*** Begin section ***
(* Let $\gamma:[0,1]\to\mathbb{R}$ be of class $C^3$ on $(0,1]$ and $C^2$ on $[0,1]$, with $\gamma(0)=\gamma'(0)=\gamma''(0)=0$, $\gamma''$ nonnegative and strictly increasing on $[0,1]$, and such that $b=\lim_{t\to0+}\gamma''(t)/(t\gamma'''(t))$ exists in $[0,\infty)$. Let $h(t)=t^2\gamma''(t)$ for $t\in[0,1]$. Then: (i) if $0\le s\le\gamma(1)$, then $s\le h(1)$ and $h^{-1}(s)\le\gamma^{-1}(s)$; (ii) if $0\le s\le h(1/3)$, then $s\le\gamma(1)$ and $\gamma^{-1}(s)\le 3h^{-1}(s)$.
   Context: $h^{-1}$ and $\gamma^{-1}$ denote the inverses of the increasing functions $h$ and $\gamma$ on $[0,1]$. *)

theory Defs
  imports Complex_Main
begin

end

theory Submission
  imports Defs "HOL-Analysis.Analysis"
begin

text \<open>Since \<open>\<gamma>''\<close> increases, the mean value theorem gives \<open>\<gamma>'(t) \<le> t \<gamma>''(t)\<close> and
  \<open>\<gamma>(t) \<le> t \<gamma>'(t)\<close>, hence \<open>\<gamma> \<le> h\<close>. In the other direction
  \<open>\<gamma>(3t) \<ge> \<gamma>(3t) - \<gamma>(2t) \<ge> t \<gamma>'(2t) \<ge> t (\<gamma>'(2t) - \<gamma>'(t)) \<ge> t\<^sup>2 \<gamma>''(t) = h(t)\<close>.
  As \<open>\<gamma>\<close> and \<open>h\<close> are continuous and strictly increasing, these pointwise comparisons
  turn into the comparisons of the inverses.\<close>

lemma real_mvt_within:
  fixes f f' :: "real \<Rightarrow> real"
  assumes "a < b" "{a..b} \<subseteq> S"
    and deriv: "\<And>x. x \<in> {a..b} \<Longrightarrow> (f has_real_derivative f' x) (at x within S)"
  obtains z where "a < z" "z < b" "f b - f a = f' z * (b - a)"
proof -
  have "\<exists>z\<in>{a<..<b}. f b - f a = (*) (f' z) (b - a)"
  proof (rule mvt_simple[OF \<open>a < b\<close>])
    fix x assume "a \<le> x" "x \<le> b"
    with assms have "(f has_real_derivative f' x) (at x within {a..b})"
      by (auto intro: has_field_derivative_subset)
    then show "(f has_derivative (*) (f' x)) (at x within {a..b})"
      by (rule has_field_derivative_imp_has_derivative)
  qed
  with that show ?thesis by auto
qed

lemma increment_bounds_mono_deriv:
  fixes f f' :: "real \<Rightarrow> real"
  assumes "a \<le> b" "{a..b} \<subseteq> S" "mono_on S f'"
    and deriv: "\<And>x. x \<in> {a..b} \<Longrightarrow> (f has_real_derivative f' x) (at x within S)"
  shows "f' a * (b - a) \<le> f b - f a" and "f b - f a \<le> f' b * (b - a)"
proof -
  have "f' a * (b - a) \<le> f b - f a \<and> f b - f a \<le> f' b * (b - a)"
  proof (cases "a = b")
    case False
    with assms obtain z where z: "a < z" "z < b" "f b - f a = f' z * (b - a)"
      by (metis order_less_le real_mvt_within)
    with assms have "f' a \<le> f' z" "f' z \<le> f' b"
      by (auto intro!: mono_onD[of S f'])
    with z \<open>a \<le> b\<close> show ?thesis
      by (auto intro: mult_right_mono)
  qed simp
  then show "f' a * (b - a) \<le> f b - f a" and "f b - f a \<le> f' b * (b - a)"
    by auto
qed

lemma increment_gt_strict_mono_deriv:
  fixes f f' :: "real \<Rightarrow> real"
  assumes "a < b" "{a..b} \<subseteq> S" "strict_mono_on S f'"
    and deriv: "\<And>x. x \<in> {a..b} \<Longrightarrow> (f has_real_derivative f' x) (at x within S)"
  shows "f' a * (b - a) < f b - f a"
proof -
  from assms obtain z where z: "a < z" "z < b" "f b - f a = f' z * (b - a)"
    by (metis real_mvt_within)
  with assms have "f' a < f' z"
    by (auto intro!: strict_mono_onD[of S f'])
  with z \<open>a < b\<close> show ?thesis by simp
qed

lemma the_inv_into_continuous_strict_mono:
  fixes f :: "real \<Rightarrow> real"
  assumes "continuous_on {a..b} f" "strict_mono_on {a..b} f" "a \<le> b" "f a \<le> s" "s \<le> f b"
  shows "the_inv_into {a..b} f s \<in> {a..b}" and "f (the_inv_into {a..b} f s) = s"
proof -
  from assms obtain x where x: "x \<in> {a..b}" "f x = s"
    using IVT'[of f a s b] by auto
  have inj: "inj_on f {a..b}"
    using assms(2) by (rule strict_mono_on_imp_inj_on)
  from x show "the_inv_into {a..b} f s \<in> {a..b}"
    using the_inv_into_f_eq[OF inj] by auto
  from x show "f (the_inv_into {a..b} f s) = s"
    using the_inv_into_f_eq[OF inj] by auto
qed

locale convex_flat_at_zero =
  fixes \<gamma> g1 g2 h :: "real \<Rightarrow> real"
  assumes gamma_deriv: "\<And>t. t \<in> {0..1} \<Longrightarrow> (\<gamma> has_real_derivative g1 t) (at t within {0..1})"
    and g1_deriv: "\<And>t. t \<in> {0..1} \<Longrightarrow> (g1 has_real_derivative g2 t) (at t within {0..1})"
    and g2_continuous: "continuous_on {0..1} g2"
    and gamma_0: "\<gamma> 0 = 0" and g1_0: "g1 0 = 0" and g2_0: "g2 0 = 0"
    and g2_strict_mono: "strict_mono_on {0..1} g2"
    and h_eq: "\<And>t. h t = t\<^sup>2 * g2 t"
begin

lemma g2_nonneg: "t \<in> {0..1} \<Longrightarrow> 0 \<le> g2 t"
  using strict_mono_on_leD[OF g2_strict_mono, of 0 t] g2_0 by auto

lemma g1_strict_mono: "strict_mono_on {0..1} g1"
proof (rule strict_mono_onI)
  fix x y :: real assume xy: "x \<in> {0..1}" "y \<in> {0..1}" "x < y"
  then have "g2 x * (y - x) < g1 y - g1 x"
    by (intro increment_gt_strict_mono_deriv[where S = "{0..1}"]
        g2_strict_mono g1_deriv) auto
  moreover have "0 \<le> g2 x * (y - x)"
    using g2_nonneg xy by simp
  ultimately show "g1 x < g1 y" by simp
qed

lemma g1_nonneg: "t \<in> {0..1} \<Longrightarrow> 0 \<le> g1 t"
  using strict_mono_on_leD[OF g1_strict_mono, of 0 t] g1_0 by auto

lemma gamma_strict_mono: "strict_mono_on {0..1} \<gamma>"
proof (rule strict_mono_onI)
  fix x y :: real assume xy: "x \<in> {0..1}" "y \<in> {0..1}" "x < y"
  then have "g1 x * (y - x) < \<gamma> y - \<gamma> x"
    by (intro increment_gt_strict_mono_deriv[where S = "{0..1}"]
        g1_strict_mono gamma_deriv) auto
  moreover have "0 \<le> g1 x * (y - x)"
    using g1_nonneg xy by simp
  ultimately show "\<gamma> x < \<gamma> y" by simp
qed

lemma gamma_nonneg: "t \<in> {0..1} \<Longrightarrow> 0 \<le> \<gamma> t"
  using strict_mono_on_leD[OF gamma_strict_mono, of 0 t] gamma_0 by auto

lemma h_strict_mono: "strict_mono_on {0..1} h"
proof (rule strict_mono_onI)
  fix x y :: real assume xy: "x \<in> {0..1}" "y \<in> {0..1}" "x < y"
  have "x\<^sup>2 * g2 x \<le> y\<^sup>2 * g2 x"
    using xy g2_nonneg[of x] by (intro mult_right_mono power_mono) auto
  also have "\<dots> < y\<^sup>2 * g2 y"
    using xy strict_mono_onD[OF g2_strict_mono] by auto
  finally show "h x < h y" by (simp add: h_eq)
qed

lemma gamma_continuous: "continuous_on {0..1} \<gamma>"
  using gamma_deriv by (rule DERIV_continuous_on)

lemma h_continuous: "continuous_on {0..1} h"
  unfolding h_eq by (intro continuous_intros g2_continuous)

lemma gamma_le_h:
  assumes t: "t \<in> {0..1}"
  shows "\<gamma> t \<le> h t"
proof -
  have "\<gamma> t = \<gamma> t - \<gamma> 0"
    by (simp add: gamma_0)
  also have "\<dots> \<le> g1 t * (t - 0)"
    using t by (intro increment_bounds_mono_deriv(2)[where S = "{0..1}"]
        strict_mono_on_imp_mono_on[OF g1_strict_mono] gamma_deriv) auto
  also have "\<dots> = (g1 t - g1 0) * t"
    by (simp add: g1_0)
  also have "\<dots> \<le> g2 t * (t - 0) * t"
    using t by (intro mult_right_mono increment_bounds_mono_deriv(2)[where S = "{0..1}"]
        strict_mono_on_imp_mono_on[OF g2_strict_mono] g1_deriv) auto
  also have "\<dots> = h t"
    by (simp add: h_eq power2_eq_square)
  finally show ?thesis .
qed

lemma h_le_gamma_triple:
  assumes t: "t \<in> {0..1/3}"
  shows "h t \<le> \<gamma> (3 * t)"
proof -
  have "h t = t * (g2 t * (2 * t - t))"
    by (simp add: h_eq power2_eq_square)
  also have "\<dots> \<le> t * (g1 (2 * t) - g1 t)"
    using t by (intro mult_left_mono increment_bounds_mono_deriv(1)[where S = "{0..1}"]
        strict_mono_on_imp_mono_on[OF g2_strict_mono] g1_deriv) auto
  also have "\<dots> \<le> g1 (2 * t) * (3 * t - 2 * t)"
    using t g1_nonneg[of t] by (simp add: algebra_simps)
  also have "\<dots> \<le> \<gamma> (3 * t) - \<gamma> (2 * t)"
    using t by (intro increment_bounds_mono_deriv(1)[where S = "{0..1}"]
        strict_mono_on_imp_mono_on[OF g1_strict_mono] gamma_deriv) auto
  also have "\<dots> \<le> \<gamma> (3 * t)"
    using t gamma_nonneg[of "2 * t"] by simp
  finally show ?thesis .
qed

lemma inverse_h_le_inverse_gamma:
  assumes s: "0 \<le> s" "s \<le> \<gamma> 1"
  shows "s \<le> h 1" and "the_inv_into {0..1} h s \<le> the_inv_into {0..1} \<gamma> s"
proof -
  show "s \<le> h 1"
    using s gamma_le_h[of 1] by simp
  then have t: "the_inv_into {0..1} h s \<in> {0..1}" "h (the_inv_into {0..1} h s) = s"
    using the_inv_into_continuous_strict_mono[OF h_continuous h_strict_mono] s
    by (auto simp: h_eq)
  have u: "the_inv_into {0..1} \<gamma> s \<in> {0..1}" "\<gamma> (the_inv_into {0..1} \<gamma> s) = s"
    using the_inv_into_continuous_strict_mono[OF gamma_continuous gamma_strict_mono] s gamma_0
    by auto
  have "h (the_inv_into {0..1} h s) \<le> h (the_inv_into {0..1} \<gamma> s)"
    using t u gamma_le_h by metis
  with t u show "the_inv_into {0..1} h s \<le> the_inv_into {0..1} \<gamma> s"
    using strict_mono_on_less_eq[OF h_strict_mono] by blast
qed

lemma inverse_gamma_le_triple_inverse_h:
  assumes s: "0 \<le> s" "s \<le> h (1/3)"
  shows "s \<le> \<gamma> 1" and "the_inv_into {0..1} \<gamma> s \<le> 3 * the_inv_into {0..1} h s"
proof -
  show "s \<le> \<gamma> 1"
    using s h_le_gamma_triple[of "1/3"] by simp
  then have u: "the_inv_into {0..1} \<gamma> s \<in> {0..1}" "\<gamma> (the_inv_into {0..1} \<gamma> s) = s"
    using the_inv_into_continuous_strict_mono[OF gamma_continuous gamma_strict_mono] s gamma_0
    by auto
  have "h (1/3) \<le> h 1"
    using strict_mono_on_leD[OF h_strict_mono] by simp
  then have t: "the_inv_into {0..1} h s \<in> {0..1}" "h (the_inv_into {0..1} h s) = s"
    using the_inv_into_continuous_strict_mono[OF h_continuous h_strict_mono] s
    by (auto simp: h_eq)
  with s have "the_inv_into {0..1} h s \<le> 1/3"
    using strict_mono_on_less_eq[OF h_strict_mono, of "the_inv_into {0..1} h s" "1/3"] by simp
  with t have "s \<le> \<gamma> (3 * the_inv_into {0..1} h s)"
    using h_le_gamma_triple by fastforce
  with t u \<open>the_inv_into {0..1} h s \<le> 1/3\<close>
  show "the_inv_into {0..1} \<gamma> s \<le> 3 * the_inv_into {0..1} h s"
    using strict_mono_on_less_eq[OF gamma_strict_mono,
        of "the_inv_into {0..1} \<gamma> s" "3 * the_inv_into {0..1} h s"] by simp
qed

end

theorem lemma4p3:
  fixes \<gamma> g1 g2 g3 :: "real \<Rightarrow> real" and b :: real
  assumes d1: "\<And>t. t \<in> {0..1} \<Longrightarrow> (\<gamma> has_real_derivative g1 t) (at t within {0..1})"
    and d2: "\<And>t. t \<in> {0..1} \<Longrightarrow> (g1 has_real_derivative g2 t) (at t within {0..1})"
    and c2: "continuous_on {0..1} g2"
    and d3: "\<And>t. t \<in> {0<..1} \<Longrightarrow> (g2 has_real_derivative g3 t) (at t within {0<..1})"
    and c3: "continuous_on {0<..1} g3"
    and z0: "\<gamma> 0 = 0" and z1: "g1 0 = 0" and z2: "g2 0 = 0"
    and nonneg: "\<And>t. t \<in> {0..1} \<Longrightarrow> g2 t \<ge> 0"
    and mono: "strict_mono_on {0..1} g2"
    and b_nonneg: "b \<ge> 0"
    and lim: "((\<lambda>t. g2 t / (t * g3 t)) \<longlongrightarrow> b) (at_right 0)"
  defines "h \<equiv> (\<lambda>t. t\<^sup>2 * g2 t)"
  shows "(\<forall>s. 0 \<le> s \<and> s \<le> \<gamma> 1 \<longrightarrow>
            s \<le> h 1 \<and> the_inv_into {0..1} h s \<le> the_inv_into {0..1} \<gamma> s)
       \<and> (\<forall>s. 0 \<le> s \<and> s \<le> h (1/3) \<longrightarrow>
            s \<le> \<gamma> 1 \<and> the_inv_into {0..1} \<gamma> s \<le> 3 * the_inv_into {0..1} h s)"
proof -
  interpret convex_flat_at_zero \<gamma> g1 g2 h
    by unfold_locales (use d1 d2 c2 z0 z1 z2 mono in \<open>simp_all add: h_def\<close>)
  show ?thesis
    using inverse_h_le_inverse_gamma inverse_gamma_le_triple_inverse_h by blast
qed

end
*** End section ***
#### What the exercise asks:
Using the records above, set down exactly the lines from the one with "theory Defs" through the one with "the other direction", inclusive, and nothing more.

#### Problem solution:
theory Defs
  imports Complex_Main
begin

end

theory Submission
  imports Defs "HOL-Analysis.Analysis"
begin

text \<open>Since \<open>\<gamma>''\<close> increases, the mean value theorem gives \<open>\<gamma>'(t) \<le> t \<gamma>''(t)\<close> and
  \<open>\<gamma>(t) \<le> t \<gamma>'(t)\<close>, hence \<open>\<gamma> \<le> h\<close>. In the other direction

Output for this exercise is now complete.